§ **Task details**
Reproduce the data exactly. Omit no record.

>>>

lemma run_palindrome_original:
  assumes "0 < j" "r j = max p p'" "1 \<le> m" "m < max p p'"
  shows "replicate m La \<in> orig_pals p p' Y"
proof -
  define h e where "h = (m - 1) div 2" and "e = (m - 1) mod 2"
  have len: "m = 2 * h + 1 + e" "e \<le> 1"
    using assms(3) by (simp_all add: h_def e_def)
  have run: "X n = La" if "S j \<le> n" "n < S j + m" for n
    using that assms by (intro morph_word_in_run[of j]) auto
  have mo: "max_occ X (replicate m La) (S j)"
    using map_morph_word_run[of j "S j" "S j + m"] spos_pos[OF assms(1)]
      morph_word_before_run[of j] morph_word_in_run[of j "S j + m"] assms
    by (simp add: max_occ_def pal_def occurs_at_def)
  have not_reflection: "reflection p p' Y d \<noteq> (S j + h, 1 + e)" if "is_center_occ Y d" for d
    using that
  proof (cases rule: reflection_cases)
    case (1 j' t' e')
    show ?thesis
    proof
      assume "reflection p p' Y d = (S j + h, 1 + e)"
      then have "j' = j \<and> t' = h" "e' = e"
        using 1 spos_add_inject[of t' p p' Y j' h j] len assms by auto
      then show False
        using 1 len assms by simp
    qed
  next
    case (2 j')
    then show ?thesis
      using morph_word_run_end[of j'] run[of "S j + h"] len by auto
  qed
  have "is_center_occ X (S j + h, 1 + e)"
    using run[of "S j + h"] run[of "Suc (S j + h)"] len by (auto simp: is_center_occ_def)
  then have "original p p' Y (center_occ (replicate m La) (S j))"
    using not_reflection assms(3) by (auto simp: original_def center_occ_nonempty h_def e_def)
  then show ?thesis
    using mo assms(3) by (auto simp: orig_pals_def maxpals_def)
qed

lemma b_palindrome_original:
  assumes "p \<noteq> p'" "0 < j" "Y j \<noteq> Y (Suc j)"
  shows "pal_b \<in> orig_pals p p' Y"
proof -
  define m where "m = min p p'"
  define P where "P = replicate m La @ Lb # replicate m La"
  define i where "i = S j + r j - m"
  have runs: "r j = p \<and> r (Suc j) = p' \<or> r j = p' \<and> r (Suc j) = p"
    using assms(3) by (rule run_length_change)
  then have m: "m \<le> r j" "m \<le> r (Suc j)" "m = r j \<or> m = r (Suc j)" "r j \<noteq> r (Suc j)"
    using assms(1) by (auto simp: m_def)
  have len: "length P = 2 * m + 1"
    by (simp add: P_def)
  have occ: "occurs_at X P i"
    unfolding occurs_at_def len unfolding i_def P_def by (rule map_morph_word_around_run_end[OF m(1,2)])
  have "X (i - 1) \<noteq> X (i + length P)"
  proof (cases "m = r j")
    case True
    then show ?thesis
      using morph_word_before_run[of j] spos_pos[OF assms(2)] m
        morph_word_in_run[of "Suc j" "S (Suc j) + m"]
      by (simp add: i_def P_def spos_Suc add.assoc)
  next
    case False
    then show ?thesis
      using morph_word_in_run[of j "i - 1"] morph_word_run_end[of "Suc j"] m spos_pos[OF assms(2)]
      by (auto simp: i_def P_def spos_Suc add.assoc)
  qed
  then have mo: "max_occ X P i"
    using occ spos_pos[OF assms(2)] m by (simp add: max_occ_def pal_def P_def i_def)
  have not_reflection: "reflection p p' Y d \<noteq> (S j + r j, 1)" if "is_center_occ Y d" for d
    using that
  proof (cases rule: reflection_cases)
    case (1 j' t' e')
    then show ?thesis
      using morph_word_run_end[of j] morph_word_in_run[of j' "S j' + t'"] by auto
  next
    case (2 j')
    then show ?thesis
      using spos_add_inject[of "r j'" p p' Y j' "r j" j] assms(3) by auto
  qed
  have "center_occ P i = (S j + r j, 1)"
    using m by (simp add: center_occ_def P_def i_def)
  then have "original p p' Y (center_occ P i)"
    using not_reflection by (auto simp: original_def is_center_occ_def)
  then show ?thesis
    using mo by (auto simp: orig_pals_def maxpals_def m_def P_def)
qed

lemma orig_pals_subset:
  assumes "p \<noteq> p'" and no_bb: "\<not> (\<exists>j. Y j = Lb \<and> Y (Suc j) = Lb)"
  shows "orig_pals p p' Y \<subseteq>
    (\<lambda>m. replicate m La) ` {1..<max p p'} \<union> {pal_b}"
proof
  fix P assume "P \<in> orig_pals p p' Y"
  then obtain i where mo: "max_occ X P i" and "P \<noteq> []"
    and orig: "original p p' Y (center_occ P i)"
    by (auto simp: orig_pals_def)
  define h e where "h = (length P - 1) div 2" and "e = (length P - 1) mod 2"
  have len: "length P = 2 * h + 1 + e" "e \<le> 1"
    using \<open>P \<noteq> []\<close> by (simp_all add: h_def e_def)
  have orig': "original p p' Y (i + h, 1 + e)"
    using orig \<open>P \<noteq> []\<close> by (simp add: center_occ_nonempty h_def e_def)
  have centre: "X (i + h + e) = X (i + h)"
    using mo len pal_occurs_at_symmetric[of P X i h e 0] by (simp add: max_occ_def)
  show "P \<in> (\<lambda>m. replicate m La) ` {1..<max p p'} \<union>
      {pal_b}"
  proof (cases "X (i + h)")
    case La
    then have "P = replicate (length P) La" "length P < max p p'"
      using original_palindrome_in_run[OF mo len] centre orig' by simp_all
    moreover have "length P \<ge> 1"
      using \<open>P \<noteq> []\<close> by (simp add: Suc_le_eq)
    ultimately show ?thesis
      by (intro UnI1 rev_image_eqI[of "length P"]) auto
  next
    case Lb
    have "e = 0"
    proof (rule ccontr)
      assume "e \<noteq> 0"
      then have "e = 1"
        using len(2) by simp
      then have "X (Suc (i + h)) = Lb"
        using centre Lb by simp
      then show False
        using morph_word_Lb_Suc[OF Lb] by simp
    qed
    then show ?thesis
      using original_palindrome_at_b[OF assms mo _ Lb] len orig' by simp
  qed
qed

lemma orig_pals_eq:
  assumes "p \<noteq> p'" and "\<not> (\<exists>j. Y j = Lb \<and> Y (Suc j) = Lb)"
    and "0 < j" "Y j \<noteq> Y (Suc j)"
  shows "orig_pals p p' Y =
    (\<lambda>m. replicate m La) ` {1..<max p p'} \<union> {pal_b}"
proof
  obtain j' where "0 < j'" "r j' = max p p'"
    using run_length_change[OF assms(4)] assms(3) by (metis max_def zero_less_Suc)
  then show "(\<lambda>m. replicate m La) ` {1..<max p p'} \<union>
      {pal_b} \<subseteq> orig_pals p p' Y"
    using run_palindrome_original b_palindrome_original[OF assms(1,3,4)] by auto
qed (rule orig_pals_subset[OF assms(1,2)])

<<<

§ **Answer box**
lemma run_palindrome_original:
  assumes "0 < j" "r j = max p p'" "1 \<le> m" "m < max p p'"
  shows "replicate m La \<in> orig_pals p p' Y"
proof -
  define h e where "h = (m - 1) div 2" and "e = (m - 1) mod 2"
  have len: "m = 2 * h + 1 + e" "e \<le> 1"
    using assms(3) by (simp_all add: h_def e_def)
  have run: "X n = La" if "S j \<le> n" "n < S j + m" for n
    using that assms by (intro morph_word_in_run[of j]) auto
  have mo: "max_occ X (replicate m La) (S j)"
    using map_morph_word_run[of j "S j" "S j + m"] spos_pos[OF assms(1)]
      morph_word_before_run[of j] morph_word_in_run[of j "S j + m"] assms
    by (simp add: max_occ_def pal_def occurs_at_def)
  have not_reflection: "reflection p p' Y d \<noteq> (S j + h, 1 + e)" if "is_center_occ Y d" for d
    using that
  proof (cases rule: reflection_cases)
    case (1 j' t' e')
    show ?thesis
    proof
      assume "reflection p p' Y d = (S j + h, 1 + e)"
      then have "j' = j \<and> t' = h" "e' = e"
        using 1 spos_add_inject[of t' p p' Y j' h j] len assms by auto
      then show False
        using 1 len assms by simp
    qed
  next
    case (2 j')
    then show ?thesis
      using morph_word_run_end[of j'] run[of "S j + h"] len by auto
  qed
  have "is_center_occ X (S j + h, 1 + e)"
    using run[of "S j + h"] run[of "Suc (S j + h)"] len by (auto simp: is_center_occ_def)
  then have "original p p' Y (center_occ (replicate m La) (S j))"
    using not_reflection assms(3) by (auto simp: original_def center_occ_nonempty h_def e_def)
  then show ?thesis
    using mo assms(3) by (auto simp: orig_pals_def maxpals_def)
qed

lemma b_palindrome_original:
  assumes "p \<noteq> p'" "0 < j" "Y j \<noteq> Y (Suc j)"
  shows "pal_b \<in> orig_pals p p' Y"
proof -
  define m where "m = min p p'"
  define P where "P = replicate m La @ Lb # replicate m La"
  define i where "i = S j + r j - m"
  have runs: "r j = p \<and> r (Suc j) = p' \<or> r j = p' \<and> r (Suc j) = p"
    using assms(3) by (rule run_length_change)
  then have m: "m \<le> r j" "m \<le> r (Suc j)" "m = r j \<or> m = r (Suc j)" "r j \<noteq> r (Suc j)"
    using assms(1) by (auto simp: m_def)
  have len: "length P = 2 * m + 1"
    by (simp add: P_def)
  have occ: "occurs_at X P i"
    unfolding occurs_at_def len unfolding i_def P_def by (rule map_morph_word_around_run_end[OF m(1,2)])
  have "X (i - 1) \<noteq> X (i + length P)"
  proof (cases "m = r j")
    case True
    then show ?thesis
      using morph_word_before_run[of j] spos_pos[OF assms(2)] m
        morph_word_in_run[of "Suc j" "S (Suc j) + m"]
      by (simp add: i_def P_def spos_Suc add.assoc)
  next
    case False
    then show ?thesis
      using morph_word_in_run[of j "i - 1"] morph_word_run_end[of "Suc j"] m spos_pos[OF assms(2)]
      by (auto simp: i_def P_def spos_Suc add.assoc)
  qed
  then have mo: "max_occ X P i"
    using occ spos_pos[OF assms(2)] m by (simp add: max_occ_def pal_def P_def i_def)
  have not_reflection: "reflection p p' Y d \<noteq> (S j + r j, 1)" if "is_center_occ Y d" for d
    using that
  proof (cases rule: reflection_cases)
    case (1 j' t' e')
    then show ?thesis
      using morph_word_run_end[of j] morph_word_in_run[of j' "S j' + t'"] by auto
  next
    case (2 j')
    then show ?thesis
      using spos_add_inject[of "r j'" p p' Y j' "r j" j] assms(3) by auto
  qed
  have "center_occ P i = (S j + r j, 1)"
    using m by (simp add: center_occ_def P_def i_def)
  then have "original p p' Y (center_occ P i)"
    using not_reflection by (auto simp: original_def is_center_occ_def)
  then show ?thesis
    using mo by (auto simp: orig_pals_def maxpals_def m_def P_def)
qed

lemma orig_pals_subset:
  assumes "p \<noteq> p'" and no_bb: "\<not> (\<exists>j. Y j = Lb \<and> Y (Suc j) = Lb)"
  shows "orig_pals p p' Y \<subseteq>
    (\<lambda>m. replicate m La) ` {1..<max p p'} \<union> {pal_b}"
proof
  fix P assume "P \<in> orig_pals p p' Y"
  then obtain i where mo: "max_occ X P i" and "P \<noteq> []"
    and orig: "original p p' Y (center_occ P i)"
    by (auto simp: orig_pals_def)
  define h e where "h = (length P - 1) div 2" and "e = (length P - 1) mod 2"
  have len: "length P = 2 * h + 1 + e" "e \<le> 1"
    using \<open>P \<noteq> []\<close> by (simp_all add: h_def e_def)
  have orig': "original p p' Y (i + h, 1 + e)"
    using orig \<open>P \<noteq> []\<close> by (simp add: center_occ_nonempty h_def e_def)
  have centre: "X (i + h + e) = X (i + h)"
    using mo len pal_occurs_at_symmetric[of P X i h e 0] by (simp add: max_occ_def)
  show "P \<in> (\<lambda>m. replicate m La) ` {1..<max p p'} \<union>
      {pal_b}"
  proof (cases "X (i + h)")
    case La
    then have "P = replicate (length P) La" "length P < max p p'"
      using original_palindrome_in_run[OF mo len] centre orig' by simp_all
    moreover have "length P \<ge> 1"
      using \<open>P \<noteq> []\<close> by (simp add: Suc_le_eq)
    ultimately show ?thesis
      by (intro UnI1 rev_image_eqI[of "length P"]) auto
  next
    case Lb
    have "e = 0"
    proof (rule ccontr)
      assume "e \<noteq> 0"
      then have "e = 1"
        using len(2) by simp
      then have "X (Suc (i + h)) = Lb"
        using centre Lb by simp
      then show False
        using morph_word_Lb_Suc[OF Lb] by simp
    qed
    then show ?thesis
      using original_palindrome_at_b[OF assms mo _ Lb] len orig' by simp
  qed
qed

lemma orig_pals_eq:
  assumes "p \<noteq> p'" and "\<not> (\<exists>j. Y j = Lb \<and> Y (Suc j) = Lb)"
    and "0 < j" "Y j \<noteq> Y (Suc j)"
  shows "orig_pals p p' Y =
    (\<lambda>m. replicate m La) ` {1..<max p p'} \<union> {pal_b}"
proof
  obtain j' where "0 < j'" "r j' = max p p'"
    using run_length_change[OF assms(4)] assms(3) by (metis max_def zero_less_Suc)
  then show "(\<lambda>m. replicate m La) ` {1..<max p p'} \<union>
      {pal_b} \<subseteq> orig_pals p p' Y"
    using run_palindrome_original b_palindrome_original[OF assms(1,3,4)] by auto
qed (rule orig_pals_subset[OF assms(1,2)])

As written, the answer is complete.